▸ WORK TO COMPLETE:
Transcribe exactly everything in the data below from the line containing "section \<open>Canonical subtrees\<close>" down to the line containing "by (induction rule: canonical.induct)", both lines included and nothing further.

DATASET ENTRIES START

text \<open>A vertex of \<open>CV(R,d)\<close> whose parent is not in \<open>CV(R,d)\<close> is \<open>b\<^sub>d(rt R')\<close> for \<open>R' = R\<close>
  or for some \<open>R' = R\<^sub>w\<close> with \<open>par w \<in> CV(R,d)\<close>, so it lies on a leftmost path from \<open>rt R'\<close>.\<close>

lemma CVm_entry:
  "CVm V r par c1 R d w \<Longrightarrow> is_subtree V par R \<Longrightarrow> x \<in> R \<Longrightarrow> w \<in> children V r par x \<Longrightarrow>
   \<not> CVm V r par c1 R d x \<Longrightarrow>
   \<exists>s i. s \<in> R \<and> lp_ok V r par c1 R s (Suc i) \<and> (c1 ^^ i) s = x \<and> (c1 ^^ Suc i) s = w
     \<and> (s = rt par R \<or> CVm V r par c1 R d (par s))"
proof (induction arbitrary: x rule: CVm.induct)
  case (here R d b)
  obtain i where i: "lp_ok V r par c1 R (rt par R) i" "b = (c1 ^^ i) (rt par R)"
    using bd_SomeD[OF here(1)] .
  have "b \<noteq> rt par R" using child_not_anc[OF here(4)] rt_anc[OF here(2,3)] by blast
  then obtain i' where i': "i = Suc i'" using i(2) by (cases i) auto
  have "(c1 ^^ i') (rt par R) = x"
    using par_funpow_c1 i i' childrenD[OF here(4)] rt_in_subtree[OF here(2)] subtree_subset_V[OF here(2)]
    by auto
  then show ?case using i i' rt_in_subtree[OF here(2)] by blast
next
  case (below R d b w' w)
  let ?R' = "subR par R w'"
  have R': "is_subtree V par ?R'" using subtree_subR[OF below(6) below(3)] .
  have "CVm V r par c1 R d b" using CVm.here[OF below(1)] .
  have "w \<in> ?R'" using CVm_in[OF below(4) R'] .
  show ?case
  proof (cases "x \<in> ?R'")
    case True
    have "\<not> CVm V r par c1 ?R' d x" using CVm.below[OF below(1-3)] below(9) by blast
    then obtain s i where si: "s \<in> ?R'" "lp_ok V r par c1 ?R' s (Suc i)" "(c1 ^^ i) s = x"
      "(c1 ^^ Suc i) s = w" "s = rt par ?R' \<or> CVm V r par c1 ?R' d (par s)"
      using below.IH[OF R' True below(8)] by blast
    have "?R' \<subseteq> R" unfolding subR_def by blast
    moreover have "CVm V r par c1 R d (par s)"
    proof (cases "s = rt par ?R'")
      case True
      then have "par s = b"
        using rt_subR[OF subtree_subset_V[OF below(6)] below(3)] childrenD[OF below(2)] by simp
      then show ?thesis using \<open>CVm V r par c1 R d b\<close> by simp
    next
      case False
      then show ?thesis using si(5) CVm.below[OF below(1-3)] by blast
    qed
    ultimately show ?thesis using si(1-4) lp_ok_subset[OF si(2)] by blast
  next
    case False
    have "w' = w"
      using anc_cases[of w' w] \<open>w \<in> ?R'\<close> False childrenD[OF below(8)] below(7)
      unfolding subR_def by auto
    then have "x = b" using childrenD[OF below(8)] childrenD[OF below(2)] by simp
    then show ?thesis using \<open>CVm V r par c1 R d b\<close> below(9) by blast
  qed
qed

lemma CR_entry:
  assumes R: "is_subtree V par R" and x: "x \<in> R" "x \<notin> CR V r par c1 k R"
    and w: "w \<in> children V r par x" "w \<in> CR V r par c1 k R"
  obtains s i where "s \<in> R" "lp_ok V r par c1 R s (Suc i)" "(c1 ^^ i) s = x" "(c1 ^^ Suc i) s = w"
    "s = rt par R \<or> par s \<in> CR V r par c1 k R"
proof -
  let ?d = "real (card R) / real k" and ?t = "rt par R"
  have proper: "CR V r par c1 k R = CV V r par c1 R ?d \<union> {lastl V r par c1 R ?t, ?t}"
    using x CR_eq_if_proper by blast
  have "w \<noteq> ?t" using child_not_anc[OF w(1)] rt_anc[OF R x(1)] by blast
  with w(2) proper consider (CV) "CVm V r par c1 R ?d w" | (lastl) "w = lastl V r par c1 R ?t"
    unfolding CV_def by blast
  then show ?thesis
  proof cases
    case CV
    moreover have "\<not> CVm V r par c1 R ?d x" using x(2) proper unfolding CV_def by blast
    ultimately show ?thesis
      using CVm_entry[OF _ R x(1) w(1)] that proper unfolding CV_def by blast
  next
    case lastl
    let ?G = "GREATEST i. lp_ok V r par c1 R ?t i"
    have tV: "?t \<in> V" using rt_in_subtree[OF R] subtree_subset_V[OF R] by blast
    have lp: "lp_ok V r par c1 R ?t ?G" using lp_ok_Greatest[OF tV] .
    have wG: "w = (c1 ^^ ?G) ?t" using lastl unfolding lastl_def by simp
    then obtain i where i: "?G = Suc i" using \<open>w \<noteq> ?t\<close> by (cases ?G) auto
    have "(c1 ^^ i) ?t = x" using par_funpow_c1[OF lp[unfolded i] tV] wG i childrenD[OF w(1)] by simp
    then show ?thesis using that lp i wG rt_in_subtree[OF R] by simp
  qed
qed

end

section \<open>Canonical subtrees\<close>

locale canonical_decomposition = leftmost_tree +
  fixes k :: nat
begin

abbreviation pruned :: "'a set \<Rightarrow> 'a set" where
  "pruned R \<equiv> R - CR V r par c1 k R"

lemma canonical_subtree: "canonical V r par c1 k R \<Longrightarrow> is_subtree V par R"
  by (induction rule: canonical.induct) (auto intro: subtree_V component_subtree)

lemma canonical_top_or_pruned: "canonical V r par c1 k R \<Longrightarrow> R = V \<or> R \<subseteq> pruned V"
proof (induction rule: canonical.induct)
  case (step R S)
  then show ?case using component_subset[OF step.hyps(2)] by blast
qed simp

definition nested :: "'a set \<Rightarrow> 'a set \<Rightarrow> bool" where
  "nested R1 R2 \<longleftrightarrow> R1 \<inter> R2 = {} \<or> R1 = R2 \<or> R1 \<subseteq> pruned R2 \<or> R2 \<subseteq> pruned R1"

lemma nested_sym: "nested R1 R2 \<Longrightarrow> nested R2 R1"
  unfolding nested_def by blast

lemma nested_component: "nested R1 P \<Longrightarrow> component V par (pruned P) R \<Longrightarrow> nested R1 R \<or> R1 \<subseteq> pruned P"
  using component_subset unfolding nested_def by blast

lemma nested_top: "canonical V r par c1 k R \<Longrightarrow> nested V R"
  using canonical_top_or_pruned unfolding nested_def by blast

lemma component_of_pruned_absurd:
  assumes "is_subtree V par P" "P \<subseteq> pruned Q" "component V par (pruned Q) R" "R \<subseteq> pruned P"
  shows False
proof -
  have "P = R" using component_maximal[OF assms(3,1)] assms(2,4) by blast
  then show False using assms(1,4) rt_in_subtree rt_in_CR by blast
qed

lemma canonical_nested:
  "canonical V r par c1 k R1 \<Longrightarrow> canonical V r par c1 k R2 \<Longrightarrow> nested R1 R2"
proof (induction R1 arbitrary: R2 rule: canonical.induct)
  case top
  then show ?case by (rule nested_top)
next
  case (step P1 R1)
  note P1 = step.hyps and IH1 = step.IH
  have R1: "canonical V r par c1 k R1" using canonical.step[OF P1] .
  from step.prems show ?case
  proof (induction R2 rule: canonical.induct)
    case top
    then show ?case using nested_sym nested_top[OF R1] by blast
  next
    case (step P2 R2)
    have R2: "canonical V r par c1 k R2" using canonical.step[OF step.hyps] .
    show ?case
    proof (rule ccontr)
      assume not_nested: "\<not> nested R1 R2"
      then have in_P2: "R1 \<subseteq> pruned P2"
        using nested_component[OF step.IH step.hyps(2)] by blast
      have in_P1: "R2 \<subseteq> pruned P1"
        using nested_component[OF nested_sym[OF IH1[OF R2]] P1(2)] not_nested nested_sym by blast
      from IH1[OF step.hyps(1)] consider "P1 \<inter> P2 = {}" | "P1 = P2" | "P1 \<subseteq> pruned P2" | "P2 \<subseteq> pruned P1"
        unfolding nested_def by blast
      then show False
      proof cases
        case 1
        then show False
          using rt_in_subtree[OF canonical_subtree[OF R1]] component_subset[OF P1(2)] in_P2 by blast
      next
        case 2
        have "R1 = R2" if "z \<in> R1" "z \<in> R2" for z
          using component_unique[OF P1(2) step.hyps(2)[folded 2] that] .
        then show False using not_nested unfolding nested_def by blast
      next
        case 3
        show False using component_of_pruned_absurd[OF canonical_subtree[OF P1(1)] 3 step.hyps(2) in_P1] .
      next
        case 4
        show False using component_of_pruned_absurd[OF canonical_subtree[OF step.hyps(1)] 4 P1(2) in_P2] .
      qed
    qed
  qed
qed

lemma canonical_with_CR_exists:
  "canonical V r par c1 k R \<Longrightarrow> u \<in> R \<Longrightarrow> \<exists>R'. canonical V r par c1 k R' \<and> u \<in> CR V r par c1 k R'"
proof (induction "card R" arbitrary: R rule: less_induct)
  case less
  show ?case
  proof (cases "u \<in> CR V r par c1 k R")
    case False
    have R: "is_subtree V par R" using canonical_subtree[OF less.prems(1)] .
    obtain S where S: "component V par (pruned R) S" "u \<in> S"
      using component_exists[of u "pruned R"] False less.prems(2) subtree_subset_V[OF R] by blast
    have "S \<subset> R"
      using component_subset[OF S(1)] rt_in_subtree[OF R] rt_in_CR[OF R] by blast
    then have "card S < card R"
      using psubset_card_mono finite_subset[OF subtree_subset_V[OF R] finite_V] by blast
    then show ?thesis using less.hyps canonical.step[OF less.prems(1) S(1)] S(2) by blast
  qed (use less.prems in blast)
qed

lemma Tcan_canonical:
  assumes "u \<in> V"
  shows "canonical V r par c1 k (Tcan V r par c1 k u)" and "u \<in> CR V r par c1 k (Tcan V r par c1 k u)"
proof -
  obtain R where R: "canonical V r par c1 k R" "u \<in> CR V r par c1 k R"
    using canonical_with_CR_exists[OF canonical.top assms] by blast
  have unique: "R' = R" if R': "canonical V r par c1 k R'" "u \<in> CR V r par c1 k R'" for R'
  proof -
    have "u \<in> R'" using CR_subset[OF canonical_subtree[OF R'(1)]] R'(2) by blast
    moreover have "u \<in> R" using CR_subset[OF canonical_subtree[OF R(1)]] R(2) by blast
    ultimately show ?thesis using canonical_nested[OF R'(1) R(1)] R(2) R'(2) unfolding nested_def by blast
  qed
  have "Tcan V r par c1 k u = R" unfolding Tcan_def by (rule the_equality) (use R unique in blast)+
  then show "canonical V r par c1 k (Tcan V r par c1 k u)" "u \<in> CR V r par c1 k (Tcan V r par c1 k u)"
    using R by simp_all
qed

DATASET ENTRIES END

▸ TASK RESULT:
section \<open>Canonical subtrees\<close>

locale canonical_decomposition = leftmost_tree +
  fixes k :: nat
begin

abbreviation pruned :: "'a set \<Rightarrow> 'a set" where
  "pruned R \<equiv> R - CR V r par c1 k R"

lemma canonical_subtree: "canonical V r par c1 k R \<Longrightarrow> is_subtree V par R"
  by (induction rule: canonical.induct) (auto intro: subtree_V component_subtree)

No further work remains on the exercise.